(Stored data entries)
(* Let $T$ be a tree, $(X_\gamma)_{\gamma\in\Gamma_T}$ a $\mathbf{P}_t$-chain on $T$, $s>0$, and let $x_1,\dots,x_m$ be distinct points of $\Gamma_T$ each at distance exactly $s$ from the root. For $i\in\mathcal{S}$ let $S_i=|\{r:X_{x_r}=i\}|$. Then $\mathbb{E}^i[S_i]=p_{ii}(s)m$ and for every $\delta>0$, $$\mathbb{P}^i\big[|S_i-\mathbb{E}^i[S_i]|>\delta m\big]\le\frac{1-e^{-q_is}}{\delta^2}.$$
   Context: A tree $T=(V,E,\rho,\ell)$ is a finite rooted tree with positive edge lengths, viewed as a metric object with point set $\Gamma_T$; distance from the root to a point is the length of the path from $\rho$. Markov process on countable $\mathcal{S}$ with transition matrices $\mathbf{P}_t=(p_{ij}(t))$ and stable conservative $Q$-matrix, $q_i=-q_{ii}=\sum_{j\ne i}q_{ij}<\infty$. A $\mathbf{P}_t$-chain on $T$: root state $X_\rho$, then along each edge $(u,v)$ run the chain from $X_u$ for time $\ell_{(u,v)}$, independently on outgoing edges given the branching state, $X_\gamma$ being the state at point $\gamma$; $\mathbb{P}^i,\mathbb{E}^i$ refer to root state $i$. *)

theory Defs
  imports "HOL-Probability.Probability"
begin

text \<open>P t i j = p_ij(t) for t >= 0 (values at t < 0 are irrelevant);
  Q i j = q_ij = right derivative of p_ij at 0 (finite, i.e. stable);
  conservative: sum over j ~= i of q_ij equals q_i = - q_ii.\<close>

definition markov_transition :: "(real \<Rightarrow> 'a::countable \<Rightarrow> 'a \<Rightarrow> real) \<Rightarrow> ('a \<Rightarrow> 'a \<Rightarrow> real) \<Rightarrow> bool" where
  "markov_transition P Q \<longleftrightarrow>
     (\<forall>t\<ge>0. \<forall>i j. P t i j \<ge> 0) \<and>
     (\<forall>t\<ge>0. \<forall>i. ((\<lambda>j. P t i j) has_sum 1) UNIV) \<and>
     (\<forall>i j. P 0 i j = (if i = j then 1 else 0)) \<and>
     (\<forall>s\<ge>0. \<forall>t\<ge>0. \<forall>i k. ((\<lambda>j. P s i j * P t j k) has_sum P (s + t) i k) UNIV) \<and>
     (\<forall>i j. ((\<lambda>t. P t i j) has_real_derivative Q i j) (at_right 0)) \<and>
     (\<forall>i. ((\<lambda>j. Q i j) has_sum (- Q i i)) (UNIV - {i}))"

definition qrate :: "('a \<Rightarrow> 'a \<Rightarrow> real) \<Rightarrow> 'a \<Rightarrow> real" where
  "qrate Q i = - Q i i"

text \<open>A finite rooted tree given by a parent map: every non-root vertex v has parent
  par v, the edge (par v, v) has length l v > 0, and iterating par reaches the root.\<close>

definition rooted_tree :: "'v set \<Rightarrow> 'v \<Rightarrow> ('v \<Rightarrow> 'v) \<Rightarrow> ('v \<Rightarrow> real) \<Rightarrow> bool" where
  "rooted_tree V \<rho> par l \<longleftrightarrow> finite V \<and> \<rho> \<in> V \<and> par \<rho> = \<rho> \<and>
     (\<forall>v\<in>V - {\<rho>}. par v \<in> V \<and> l v > 0 \<and> (\<exists>n. (par ^^ n) v = \<rho>))"
lemma s_w_eps_nth: "j < k \<Longrightarrow> s j (w_eps k s ! j) = []"
  using sigma_w_eps unfolding sigma_word_def by simp

definition erased_word :: "nat \<Rightarrow> bool list" where
  "erased_word m = concat (replicate m (w_eps k s))"

lemma length_erased_word [simp]: "length (erased_word m) = k * m"
  unfolding erased_word_def by (induction m) auto

lemma erased_word_add: "erased_word (m + n) = erased_word m @ erased_word n"
  unfolding erased_word_def by (simp add: replicate_add)

lemma sigma_erased_word [simp]: "\<sigma> (erased_word m) = []"
  by (induction m) (simp_all add: erased_word_def sigma_word_append_aligned)

lemma nth_erased_word: "i < k * m \<Longrightarrow> erased_word m ! i = w_eps k s ! (i mod k)"
proof (induction m arbitrary: i)
  case (Suc m)
  have "erased_word (Suc m) = w_eps k s @ erased_word m"
    by (simp add: erased_word_def)
  then show ?case
    using Suc by (cases "i < k") (simp_all add: nth_append le_mod_geq)
qed simp

definition pad :: "bool list \<Rightarrow> bool list" where
  "pad v = v @ drop (length v mod k) (w_eps k s)"

lemma k_dvd_length_pad: "k dvd length (pad v)"
proof -
  have "length v mod k \<le> k"
    using k_pos by (simp add: less_imp_le)
  then have "length (pad v) = length v - length v mod k + k"
    unfolding pad_def using mod_less_eq_dividend[of "length v" k] by simp
  also have "\<dots> = k * (length v div k) + k"
    by (simp add: minus_mod_eq_mult_div)
  finally show ?thesis
    by simp
qed

text \<open>The padding occupies the positions of the tail of \<open>w_eps k s\<close> modulo \<open>k\<close>, so it is erased.\<close>

lemma sigma_pad: "\<sigma> (pad v) = \<sigma> v"
proof -
  let ?r = "length v mod k"
  have "s ((j + length v) mod k) (drop ?r (w_eps k s) ! j) = []" if "j < k - ?r" for j
  proof -
    have "(j + length v) mod k = ?r + j"
      using that by (simp add: mod_add_right_eq[symmetric, of j "length v"])
    then show ?thesis
      using that s_w_eps_nth[of "?r + j"] by simp
  qed
  then show ?thesis
    unfolding pad_def sigma_word_append by simp
qed

end

locale optimal_erasing_substitution = erasing_substitution +
  assumes optimal: "optimal k s"
begin
section \<open>Non-archimedean absolute values\<close>

locale local_field =
  fixes av :: "'a::field \<Rightarrow> real" and w0 :: 'a and q :: nat
  assumes local_field: "nonarch_local_field av w0 q"
begin

abbreviation r :: real where "r \<equiv> 1 / real q"

lemma av_nonneg: "0 \<le> av x"
  using local_field by (simp add: nonarch_local_field_def)

lemma av_eq_0_iff [simp]: "av x = 0 \<longleftrightarrow> x = 0"
  using local_field by (simp add: nonarch_local_field_def)

lemma av_mult: "av (x * y) = av x * av y"
  using local_field by (simp add: nonarch_local_field_def)

lemma av_add_le: "av (x + y) \<le> max (av x) (av y)"
  using local_field by (simp add: nonarch_local_field_def)

lemma q_gt_1: "1 < q"
  using local_field by (simp add: nonarch_local_field_def)

lemma av_w0 [simp]: "av w0 = r"
  using local_field by (simp add: nonarch_local_field_def)

lemma av_power_int: "x \<noteq> 0 \<Longrightarrow> \<exists>n::int. av x = real q powi n"
  using local_field by (simp add: nonarch_local_field_def)

lemma card_residue_classes: "card (residue_classes av) = q"
  using local_field by (simp add: nonarch_local_field_def)

lemma r_pos: "0 < r"
  using q_gt_1 by simp

lemma r_less_1: "r < 1"
  using q_gt_1 by simp

lemma power_r_pos: "0 < r ^ m"
  using r_pos by simp

lemma power_r_le_1: "r ^ m \<le> 1"
  using r_pos r_less_1 by (simp add: power_le_one)

lemma power_r_le_iff: "r ^ m \<le> r ^ n \<longleftrightarrow> n \<le> m"
  using r_pos r_less_1 by simp

lemma power_r_less_iff: "r ^ m < r ^ n \<longleftrightarrow> n < m"
  using r_pos r_less_1 by simp

lemma av_0 [simp]: "av 0 = 0"
  by simp

lemma av_1 [simp]: "av 1 = 1"
proof -
  have "av 1 * 1 = av 1 * av 1"
    using av_mult[of 1 1] by simp
  then show ?thesis
    using av_eq_0_iff[of 1] by (metis mult_left_cancel one_neq_zero)
qed

lemma av_minus [simp]: "av (- x) = av x"
proof -
  have "av (-1) ^ 2 = 1"
    using av_mult[of "-1" "-1"] by (simp add: power2_eq_square)
  then have "av (-1) = 1"
    using av_nonneg[of "-1"] by (auto simp: power2_eq_1_iff)
  moreover have "av (- x) = av (-1) * av x"
    by (metis av_mult mult_minus1)
  ultimately show ?thesis
    by simp
qed

lemma av_diff_commute: "av (x - y) = av (y - x)"
  using av_minus[of "y - x"] by simp

lemma av_power: "av (x ^ n) = av x ^ n"
  by (induction n) (simp_all add: av_mult)

lemma av_divide: "av (x / y) = av x / av y"
proof (cases "y = 0")
  case False
  then show ?thesis
    using av_mult[of "x / y" y] by (simp add: eq_divide_eq)
qed simp

lemma av_diff_le: "av (x - y) \<le> max (av x) (av y)"
  using av_add_le[of x "- y"] by simp

lemma av_diff_trans: "av (x - z) \<le> max (av (x - y)) (av (y - z))"
  using av_add_le[of "x - y" "y - z"] by simp

lemma av_add_eq_left: assumes "av y < av x" shows "av (x + y) = av x"
proof -
  have "av x \<le> max (av (x + y)) (av y)"
    using av_diff_le[of "x + y" y] by simp
  with assms av_add_le[of x y] show ?thesis
    by linarith
qed

lemma av_diff_eq_max: assumes "av x \<noteq> av y" shows "av (x - y) = max (av x) (av y)"
proof (cases "av y < av x")
  case True
  then show ?thesis
    using av_add_eq_left[of "- y" x] by simp
next
  case False
  with assms have "av x < av y" by simp
  then show ?thesis
    using av_add_eq_left[of x "- y"] by (simp add: add.commute)
qed

lemma av_2_le_1: "av 2 \<le> 1"
  using av_add_le[of 1 1] by (metis av_1 max.idem one_add_one)

lemma mem_vint_iff: "x \<in> vint av \<longleftrightarrow> av x \<le> 1"
  unfolding vint_def by simp

lemma vint_add: "x \<in> vint av \<Longrightarrow> y \<in> vint av \<Longrightarrow> x + y \<in> vint av"
  using av_add_le[of x y] by (simp add: mem_vint_iff)

lemma vint_mult: "x \<in> vint av \<Longrightarrow> y \<in> vint av \<Longrightarrow> x * y \<in> vint av"
  by (simp add: mem_vint_iff av_mult av_nonneg mult_le_one)

lemma av_w0_power: "av (w0 ^ m) = r ^ m"
  by (simp add: av_power)

lemma w0_power_in_vint: "w0 ^ m \<in> vint av"
  by (simp add: mem_vint_iff av_w0_power power_r_le_1)

lemma w0_power_nonzero: "w0 ^ m \<noteq> 0"
  using av_w0_power[of m] power_r_pos[of m] by (metis av_eq_0_iff less_irrefl)

lemma vint_av_eq_power_r:
  assumes "x \<noteq> 0" "av x \<le> 1" obtains n where "av x = r ^ n"
proof -
  obtain k :: int where k: "av x = real q powi k"
    using av_power_int assms(1) by blast
  have "k \<le> 0"
  proof (rule ccontr)
    assume "\<not> k \<le> 0"
    then have "real q powi 0 < real q powi k"
      using q_gt_1 by (intro power_int_strict_increasing) auto
    with k assms(2) show False by simp
  qed
  then obtain n :: nat where "k = - int n"
    by (rule nonpos_int_cases)
  with k have "av x = r ^ n"
    by (simp add: power_int_minus power_one_over inverse_eq_divide)
  then show ?thesis ..
qed

lemma av_less_power_r_imp_le: assumes "av x < r ^ m" shows "av x \<le> r ^ Suc m"
proof (cases "x = 0")
  case False
  obtain n where n: "av x = r ^ n"
    using vint_av_eq_power_r[OF False] assms power_r_le_1[of m] by fastforce
  with assms show ?thesis
    unfolding n power_r_le_iff power_r_less_iff by simp
qed simp
(* Let $(X,d)$ be a complete metric space and let $G:X\times X\to X$ be a mapping such that (a) $G(x,x)=x$ for all $x\in X$, and (b) for $x,y\in X$, $G(x,y)=x$ implies $y=x$. Let $T:X\to P_{cl}(X)$ be a multivalued operator with $SFix(T)\neq\emptyset$ and let $T_G(x)=\{G(x,u):u\in T(x)\}$ be the admissible perturbation of $T$ corresponding to $G$. Suppose there exist $\alpha,\beta,\gamma\ge0$ with $\alpha+\beta+\gamma<1$ such that $$H(T_G(x),T_G(y))\le\alpha d(x,y)+\beta D(x,T_G(y))+\gamma D(y,T_G(x))\quad\text{for all }x,y\in X,$$ so that $SFix(T)=\{x^*\}$ for some $x^*$, and suppose moreover that (ii) there exists $l\in(0,1)$ with $H(T(x),\{x^*\})\le l\,H(T_G(x),\{x^*\})$ for all $x\in X$, and (iii) there exists $L>0$ with $D(x,T_G(x))\le L\,D(x,T(x))$ for all $x\in X$. Then the strict fixed point problem $T(x)=\{x\}$ has the Ostrowski stability property: $T$ has a unique strict fixed point $x^*$, and for every sequence $(v_n)_{n\in\mathbb N}\subset X$ with $D(v_{n+1},T(v_n))\to0$ we have $v_n\to x^*$.
   Context: $P_{cl}(X)$ is the family of nonempty closed subsets of $X$; $SFix(T)=\{x:T(x)=\{x\}\}$. For nonempty $A,B\subseteq X$: $D(a,B)=\inf_{b\in B}d(a,b)$, $e(A,B)=\sup_{a\in A}D(a,B)$, $H(A,B)=\max\{e(A,B),e(B,A)\}$. *)

theory Defs
  imports "HOL-Analysis.Analysis"
begin

text \<open>D(a,B) = inf over b in B of d(a,b): the library's infdist (for nonempty B).\<close>

definition excess :: "'a::metric_space set \<Rightarrow> 'a set \<Rightarrow> ereal" where
  "excess A B = (SUP a\<in>A. ereal (infdist a B))"

definition Hdist :: "'a::metric_space set \<Rightarrow> 'a set \<Rightarrow> ereal" where
  "Hdist A B = max (excess A B) (excess B A)"

definition SFix :: "('a \<Rightarrow> 'a set) \<Rightarrow> 'a set" where
  "SFix T = {x. T x = {x}}"

definition adm_pert :: "('a \<Rightarrow> 'a \<Rightarrow> 'a) \<Rightarrow> ('a \<Rightarrow> 'a set) \<Rightarrow> 'a \<Rightarrow> 'a set" where
  "adm_pert G T x = (\<lambda>u. G x u) ` T x"

end

theory Submission
  imports Defs
begin

text \<open>At a strict fixed point \<open>x\<^sup>*\<close> the perturbation \<open>T\<^sub>G\<close> is again \<open>{x\<^sup>*}\<close>, so the contraction
  condition with \<open>y = x\<^sup>*\<close> reads \<open>H(T\<^sub>G x, {x\<^sup>*}) \<le> (\<alpha> + \<beta>) d(x, x\<^sup>*) + \<gamma> D(x\<^sup>*, T\<^sub>G x)\<close>; since
  \<open>D(x\<^sup>*, T\<^sub>G x) \<le> H(T\<^sub>G x, {x\<^sup>*})\<close> this gives \<open>H(T\<^sub>G x, {x\<^sup>*}) \<le> (\<alpha> + \<beta>)/(1 - \<gamma>) d(x, x\<^sup>*)\<close>, and by (ii)
  every point of \<open>T x\<close> lies within \<open>c d(x, x\<^sup>*)\<close> of \<open>x\<^sup>*\<close>, where \<open>c = l (\<alpha> + \<beta>)/(1 - \<gamma>) < 1\<close>.
  For an approximate orbit this yields \<open>d(v\<^sub>n\<^sub>+\<^sub>1, x\<^sup>*) \<le> c d(v\<^sub>n, x\<^sup>*) + D(v\<^sub>n\<^sub>+\<^sub>1, T v\<^sub>n)\<close>, and such
  a perturbed geometric recursion with vanishing perturbation tends to 0.\<close>

lemma LIMSEQ_zero_if_perturbed_contraction:
  fixes a \<epsilon> :: "nat \<Rightarrow> real" and c :: real
  assumes "0 \<le> c" "c < 1" and nonneg: "\<And>n. 0 \<le> a n"
    and rec: "\<And>n. a (Suc n) \<le> c * a n + \<epsilon> n" and "\<epsilon> \<longlonglongrightarrow> 0"
  shows "a \<longlonglongrightarrow> 0"
proof (rule LIMSEQ_I)
  fix r :: real
  assume "0 < r"
  with assms(2) obtain N where N: "\<And>n. n \<ge> N \<Longrightarrow> norm (\<epsilon> n) < (1 - c) * r / 2"
    using LIMSEQ_D[OF \<open>\<epsilon> \<longlonglongrightarrow> 0\<close>, of "(1 - c) * r / 2"] by auto
  define b where "b n = max (a n - r / 2) 0" for n
  have b_step: "b (Suc n) \<le> c * b n" if "n \<ge> N" for n
  proof -
    have "a (Suc n) - r / 2 \<le> c * (a n - r / 2)"
      using rec[of n] N[OF that] by (simp add: algebra_simps)
    also have "\<dots> \<le> c * b n"
      unfolding b_def using \<open>0 \<le> c\<close> by (intro mult_left_mono) auto
    finally show ?thesis
      unfolding b_def using \<open>0 \<le> c\<close> by simp
  qed
  have b_geometric: "b (N + m) \<le> c ^ m * b N" for m
  proof (induction m)
    case (Suc m)
    have "b (N + Suc m) \<le> c * b (N + m)" using b_step[of "N + m"] by simp
    also have "\<dots> \<le> c * (c ^ m * b N)" using Suc \<open>0 \<le> c\<close> by (intro mult_left_mono) auto
    finally show ?case by (simp add: algebra_simps)
  qed simp
  have "(\<lambda>m. c ^ m * b N) \<longlonglongrightarrow> 0"
    using assms(1,2) by (intro tendsto_mult_left_zero LIMSEQ_power_zero) auto
  with \<open>0 < r\<close> obtain M where M: "\<And>m. m \<ge> M \<Longrightarrow> norm (c ^ m * b N) < r / 2"
    using LIMSEQ_D[of _ 0 "r / 2"] by fastforce
  have "norm (a n - 0) < r" if "n \<ge> N + M" for n
  proof -
    obtain m where "n = N + m" "m \<ge> M" using \<open>n \<ge> N + M\<close> le_Suc_ex by force
    then have "b n < r / 2" using b_geometric[of m] M[of m] by simp
    then show ?thesis using nonneg[of n] unfolding b_def by (simp add: max_def split: if_splits)
  qed
  then show "\<exists>n0. \<forall>n\<ge>n0. norm (a n - 0) < r" by blast
qed

lemma Hdist_singletons: "Hdist {x} {y} = ereal (dist x y)"
  unfolding Hdist_def excess_def by (simp add: dist_commute)

lemma infdist_le_Hdist_singleton: "ereal (infdist x A) \<le> Hdist A {x}"
  unfolding Hdist_def excess_def by simp

lemma dist_le_if_Hdist_singleton_le:
  assumes "Hdist A {x} \<le> ereal r" and "a \<in> A"
  shows "dist a x \<le> r"
proof -
  have "ereal (dist a x) \<le> excess A {x}"
    unfolding excess_def using \<open>a \<in> A\<close> by (auto intro: SUP_upper2)
  also have "\<dots> \<le> ereal r" using assms(1) unfolding Hdist_def by simp
  finally show ?thesis by simp
qed

lemma Hdist_singleton_le_divide:
  assumes "0 \<le> \<gamma>" "\<gamma> < 1" and H: "Hdist A {z} \<le> ereal (p + \<gamma> * infdist z A)"
  shows "Hdist A {z} \<le> ereal (p / (1 - \<gamma>))"
proof -
  obtain h where h: "Hdist A {z} = ereal h"
    using H infdist_le_Hdist_singleton[of z A] by (cases "Hdist A {z}") auto
  have "infdist z A \<le> h" using infdist_le_Hdist_singleton[of z A] h by simp
  then have "\<gamma> * infdist z A \<le> \<gamma> * h" using \<open>0 \<le> \<gamma>\<close> by (rule mult_left_mono)
  then have "h \<le> p + \<gamma> * h" using H h by simp
  then have "h \<le> p / (1 - \<gamma>)" using \<open>\<gamma> < 1\<close> by (simp add: field_simps)
  then show ?thesis using h by simp
qed

lemma dist_le_infdist_add:
  assumes "A \<noteq> {}" and "\<And>a. a \<in> A \<Longrightarrow> dist a x \<le> r"
  shows "dist y x \<le> infdist y A + r"
proof -
  have "dist y x - r \<le> infdist y A"
    unfolding infdist_notempty[OF \<open>A \<noteq> {}\<close>]
  proof (rule cINF_greatest[OF \<open>A \<noteq> {}\<close>])
    fix a assume "a \<in> A"
    then show "dist y x - r \<le> dist y a" using assms(2)[of a] dist_triangle[of y x a] by simp
  qed
  then show ?thesis by simp
qed

lemma approximate_orbit_tendsto:
  fixes T :: "'a::metric_space \<Rightarrow> 'a set"
  assumes "\<And>x. T x \<noteq> {}" and "0 \<le> c" "c < 1"
    and toward: "\<And>x u. u \<in> T x \<Longrightarrow> dist u z \<le> c * dist x z"
    and approx: "(\<lambda>n. infdist (v (Suc n)) (T (v n))) \<longlonglongrightarrow> 0"
  shows "v \<longlonglongrightarrow> z"
proof -
  have "dist (v (Suc n)) z \<le> c * dist (v n) z + infdist (v (Suc n)) (T (v n))" for n
    using dist_le_infdist_add[of "T (v n)" z "c * dist (v n) z" "v (Suc n)"] assms(1) toward
    by (simp add: add.commute)
  then have "(\<lambda>n. dist (v n) z) \<longlonglongrightarrow> 0"
    using LIMSEQ_zero_if_perturbed_contraction[OF \<open>0 \<le> c\<close> \<open>c < 1\<close> _ _ approx] by simp
  then show ?thesis using tendsto_dist_iff by blast
qed

lemma adm_pert_SFix: "x \<in> SFix T \<Longrightarrow> adm_pert G T x = {G x x}"
  unfolding SFix_def adm_pert_def by simp

lemma SFix_unique_if_reich_contraction:
  assumes diag: "\<And>x. G x x = x" and "\<alpha> + \<beta> + \<gamma> < 1"
    and contr: "\<And>x y. Hdist (adm_pert G T x) (adm_pert G T y)
        \<le> ereal (\<alpha> * dist x y + \<beta> * infdist x (adm_pert G T y) + \<gamma> * infdist y (adm_pert G T x))"
    and "x \<in> SFix T" "y \<in> SFix T"
  shows "x = y"
proof -
  have "dist x y \<le> (\<alpha> + \<beta> + \<gamma>) * dist x y"
    using contr[of x y] adm_pert_SFix[OF \<open>x \<in> SFix T\<close>] diag adm_pert_SFix[OF \<open>y \<in> SFix T\<close>] diag
    by (simp add: Hdist_singletons dist_commute algebra_simps)
  with \<open>\<alpha> + \<beta> + \<gamma> < 1\<close> have "dist x y \<le> 0"
    by (smt (verit) mult_le_cancel_right1 zero_le_dist)
  then show ?thesis by simp
qed

lemma Hdist_adm_pert_SFix_le:
  assumes diag: "\<And>x. G x x = x" and "xs \<in> SFix T" and "0 \<le> \<gamma>" "\<gamma> < 1"
    and contr: "\<And>x y. Hdist (adm_pert G T x) (adm_pert G T y)
        \<le> ereal (\<alpha> * dist x y + \<beta> * infdist x (adm_pert G T y) + \<gamma> * infdist y (adm_pert G T x))"
  shows "Hdist (adm_pert G T x) {xs} \<le> ereal ((\<alpha> + \<beta>) / (1 - \<gamma>) * dist x xs)"
proof -
  have "Hdist (adm_pert G T x) {xs}
      \<le> ereal ((\<alpha> + \<beta>) * dist x xs + \<gamma> * infdist xs (adm_pert G T x))"
    using contr[of x xs] adm_pert_SFix[OF \<open>xs \<in> SFix T\<close>] diag by (simp add: algebra_simps)
  from Hdist_singleton_le_divide[OF \<open>0 \<le> \<gamma>\<close> \<open>\<gamma> < 1\<close> this] show ?thesis by simp
qed

theorem mainTheorem7:
  fixes G :: "'a::complete_space \<Rightarrow> 'a \<Rightarrow> 'a"
    and T :: "'a \<Rightarrow> 'a set"
    and xs :: 'a
    and \<alpha> \<beta> \<gamma> l L :: real
  assumes G_diag: "\<And>x. G x x = x"
    and G_inj: "\<And>x y. G x y = x \<Longrightarrow> y = x"
    and T_cl: "\<And>x. T x \<noteq> {} \<and> closed (T x)"
    and xs_fix: "xs \<in> SFix T"
    and coeffs: "\<alpha> \<ge> 0" "\<beta> \<ge> 0" "\<gamma> \<ge> 0" "\<alpha> + \<beta> + \<gamma> < 1"
    and contr: "\<And>x y. Hdist (adm_pert G T x) (adm_pert G T y)
        \<le> ereal (\<alpha> * dist x y + \<beta> * infdist x (adm_pert G T y) + \<gamma> * infdist y (adm_pert G T x))"
    and l_ii: "0 < l" "l < 1" "\<And>x. Hdist (T x) {xs} \<le> ereal l * Hdist (adm_pert G T x) {xs}"
    and L_iii: "L > 0" "\<And>x. infdist x (adm_pert G T x) \<le> L * infdist x (T x)"
  shows "SFix T = {xs} \<and>
    (\<forall>v :: nat \<Rightarrow> 'a. (\<lambda>n. infdist (v (Suc n)) (T (v n))) \<longlonglongrightarrow> 0 \<longrightarrow> v \<longlonglongrightarrow> xs)"
proof -
  have "SFix T = {xs}"
    using SFix_unique_if_reich_contraction[OF G_diag coeffs(4) contr] xs_fix by blast
  define k where "k = (\<alpha> + \<beta>) / (1 - \<gamma>)"
  have "0 \<le> k" "k < 1" using coeffs unfolding k_def by (auto simp: divide_less_eq)
  have "0 \<le> l * k" "l * k < 1"
    using \<open>0 \<le> k\<close> \<open>k < 1\<close> l_ii(1,2) mult_left_le_one_le[of k l] by auto
  have "Hdist (T x) {xs} \<le> ereal (l * k * dist x xs)" for x
  proof -
    have "Hdist (T x) {xs} \<le> ereal l * Hdist (adm_pert G T x) {xs}" by (rule l_ii(3))
    also have "\<dots> \<le> ereal l * ereal (k * dist x xs)"
      unfolding k_def using Hdist_adm_pert_SFix_le[OF G_diag xs_fix coeffs(3) _ contr] coeffs l_ii(1)
      by (intro ereal_mult_left_mono) auto
    finally show ?thesis by (simp add: mult.assoc)
  qed
  then have "dist u xs \<le> l * k * dist x xs" if "u \<in> T x" for x u
    using dist_le_if_Hdist_singleton_le that by blast
  with approximate_orbit_tendsto[of T "l * k"] T_cl \<open>0 \<le> l * k\<close> \<open>l * k < 1\<close>
  show ?thesis using \<open>SFix T = {xs}\<close> by blast
qed

end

### WORK ORDER
Set down, unchanged, only those lines above that fall between the line with "text \<open>P t" and the line with "(\<forall>s\<ge>0. \<forall>t\<ge>0. \<forall>i", the two end lines included.

### YOUR RESPONSE
text \<open>P t i j = p_ij(t) for t >= 0 (values at t < 0 are irrelevant);
  Q i j = q_ij = right derivative of p_ij at 0 (finite, i.e. stable);
  conservative: sum over j ~= i of q_ij equals q_i = - q_ii.\<close>

definition markov_transition :: "(real \<Rightarrow> 'a::countable \<Rightarrow> 'a \<Rightarrow> real) \<Rightarrow> ('a \<Rightarrow> 'a \<Rightarrow> real) \<Rightarrow> bool" where
  "markov_transition P Q \<longleftrightarrow>
     (\<forall>t\<ge>0. \<forall>i j. P t i j \<ge> 0) \<and>
     (\<forall>t\<ge>0. \<forall>i. ((\<lambda>j. P t i j) has_sum 1) UNIV) \<and>
     (\<forall>i j. P 0 i j = (if i = j then 1 else 0)) \<and>
     (\<forall>s\<ge>0. \<forall>t\<ge>0. \<forall>i k. ((\<lambda>j. P s i j * P t j k) has_sum P (s + t) i k) UNIV) \<and>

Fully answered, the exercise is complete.